After carefully looking at the work that is being done at the XXX Laboratory, I believe that working under Dr. XXX will help me acquire the versatility needed to reach my full potential as a researcher. I am confident that with my knowledge and experience in reaching analytical as well as numerical solutions to the complicated problems of engineering will boost the already capable team of researchers at the XXX Laboratory.

During doctoral studies, I plan to exploit the traits that I have acquired over the years to an extent where I could become an international-level researcher with highly specialized knowledge and expertise in my research area.

It would, therefore, be a privilege to be able to secure admission to pursue graduate studies at the XXX. I am confident that I will match the high standards set by your university. I am sure if I am given the opportunity to study at your university that attracts some of the best students from all over the world, it will provide an environment competitive enough to bring out the best in me. I am confident that my requisite background, intellectual ability and high level of personal motivation will help me strive for the goals that I have set for my career.

I would like to thank you for taking time to read this essay and I look forward to hearing a positive reply on my application.

Thank you!

ershad193 14 / 337 5  
Jun 25, 2010   #2
....and opportunities that the field of engineering has to offer, that I decided to make my career in it.

Apart from my studies at XXX, my research work with Dr. XXX gave me a first hand experience of how to implement fundamentals and how to perceive the balance between theory and practice to deal with research projects from start to finish.

the above statement seems a bit vague. support it by an example.

or, is it the one you are talking about in the next para?

Regarding your first paragraph, I would say that it is unconventional. But, as I do not have any knowledge regarding its suitability, I will not comment on it. I'll just say that a formal tone is the safest.

And of course, you have to sign your SOP.

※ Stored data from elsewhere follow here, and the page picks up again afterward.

lemma localized_unit_ball_weighted_bound:
  fixes f :: "'a::euclidean_space \<Rightarrow> real"
  assumes "localized_unit_ball f"
  shows "\<exists>A. \<forall>x. \<bar>f x\<bar> * (1 + norm x) ^ (10 * DIM('a)) \<le> A"
proof -
  let ?D = "10 * DIM('a)"
  obtain C where C: "\<And>x. \<bar>f x\<bar> \<le> C \<and> (x \<noteq> 0 \<longrightarrow> \<bar>f x\<bar> \<le> C * norm x powr (- real ?D))"
    using assms unfolding localized_unit_ball_def by blast
  have "\<bar>f x\<bar> * (1 + norm x) ^ ?D \<le> C * 2 ^ ?D" for x
  proof (cases "norm x \<le> 1")
    case True
    have "(1 + norm x) ^ ?D \<le> 2 ^ ?D" using True by (intro power_mono) auto
    then show ?thesis using C[of x] by (intro mult_mono) auto
  next
    case False
    then have "x \<noteq> 0" by auto
    have "norm x ^ ?D = norm x powr real ?D" using False by (intro powr_realpow[symmetric]) auto
    then have "\<bar>f x\<bar> * norm x ^ ?D \<le> C * norm x powr (- real ?D) * norm x powr real ?D"
      using C[of x] \<open>x \<noteq> 0\<close> by (simp only:) (intro mult_right_mono, auto)
    also have "\<dots> = C" using \<open>x \<noteq> 0\<close> by (simp add: powr_minus)
    finally have "\<bar>f x\<bar> * norm x ^ ?D \<le> C" .
    have "(1 + norm x) ^ ?D \<le> 2 ^ ?D * norm x ^ ?D"
      using False power_mono[of "1 + norm x" "2 * norm x" ?D] by (simp add: power_mult_distrib)
    then have "\<bar>f x\<bar> * (1 + norm x) ^ ?D \<le> \<bar>f x\<bar> * (2 ^ ?D * norm x ^ ?D)"
      by (intro mult_left_mono) auto
    also have "\<dots> = 2 ^ ?D * (\<bar>f x\<bar> * norm x ^ ?D)" by (simp only: mult_ac)
    also have "\<dots> \<le> 2 ^ ?D * C" using \<open>\<bar>f x\<bar> * norm x ^ ?D \<le> C\<close> by (intro mult_left_mono) auto
    finally show ?thesis by (simp only: mult_ac)
  qed
  then show ?thesis by blast
qed

text \<open>Peetre's inequality 1 + |z| \<le> (1 + |z - y|)(1 + |y|) is what turns the two-sided
  bound into a translation estimate.\<close>
lemma translate_le_of_polynomial_weight_bounds:
  fixes \<mu> :: "'a::real_normed_vector \<Rightarrow> real"
  assumes upper: "\<And>w. \<mu> w * (1 + norm w) ^ D \<le> A"
    and lower: "\<And>z. c \<le> \<mu> z * (1 + norm z) ^ D"
    and "c > 0"
  shows "\<mu> (z - y) \<le> A * 2 ^ D / c * (1 + norm y ^ D) * \<mu> z"
proof -
  have pos: "\<mu> w > 0" for w
  proof (rule ccontr)
    assume "\<not> \<mu> w > 0"
    then have "\<mu> w * (1 + norm w) ^ D \<le> 0" by (simp add: mult_nonpos_nonneg)
    with lower[of w] \<open>c > 0\<close> show False by linarith
  qed
  have "(1 + norm (z - y)) * (1 + norm y) = 1 + norm (z - y) + norm y + norm (z - y) * norm y"
    by (simp add: algebra_simps)
  moreover have "0 \<le> norm (z - y) * norm y" by simp
  ultimately have "1 + norm z \<le> (1 + norm (z - y)) * (1 + norm y)"
    using norm_triangle_sub[of z y] by linarith
  then have weight: "(1 + norm z) ^ D \<le> (1 + norm (z - y)) ^ D * (1 + norm y) ^ D"
    by (metis power_mono power_mult_distrib norm_ge_zero add_nonneg_nonneg zero_le_one)
  have "c * \<mu> (z - y) \<le> \<mu> z * (1 + norm z) ^ D * \<mu> (z - y)"
    using lower[of z] pos[of "z - y"] by (intro mult_right_mono) auto
  also have "\<dots> \<le> \<mu> z * ((1 + norm (z - y)) ^ D * (1 + norm y) ^ D) * \<mu> (z - y)"
    using weight pos[of z] pos[of "z - y"] by (intro mult_right_mono mult_left_mono) auto
  also have "\<dots> = (\<mu> (z - y) * (1 + norm (z - y)) ^ D) * ((1 + norm y) ^ D * \<mu> z)"
    by (simp only: mult_ac)
  also have "\<dots> \<le> A * ((1 + norm y) ^ D * \<mu> z)"
    using upper[of "z - y"] pos[of z] by (intro mult_right_mono) auto
  also have "\<dots> \<le> A * (2 ^ D * (1 + norm y ^ D) * \<mu> z)"
    using one_plus_power_le[of "norm y" D] pos[of z] upper[of 0] pos[of 0]
    by (intro mult_left_mono mult_right_mono) (auto intro: order_trans[rotated])
  finally show ?thesis
    using \<open>c > 0\<close> by (simp add: pos_le_divide_eq field_simps)
qed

If you are interested you can comment on my SOP.
EF_Kevin 8 / 13,335 129  
Jun 28, 2010   #3
What do you think about the 1st paragraph?

The first paragraph is great. I would not want to see you use any more paragraphs of story, but starting with that one is okay. If you can reduce the number of words or omit one sentence frm that para it will be even better. I think it's great, though.

:-)
OP totallamp 1 / 3  
Jun 30, 2010   #4
Thank you, Kevin.
lilliloli 3 / 10  
Jun 30, 2010   #5
"What is an engine & why is it dead?"
I would remember to take out the "&" in the first sentance and change it to "and", its never a good idea to use symbols in your text. Otherwise the opening paragraph is fantastic, it immediatly caught my attention. I liked the story telling fashion of it.
OP totallamp 1 / 3  
Jun 30, 2010   #6
Thank you, Andrea. That was a small but important mistake.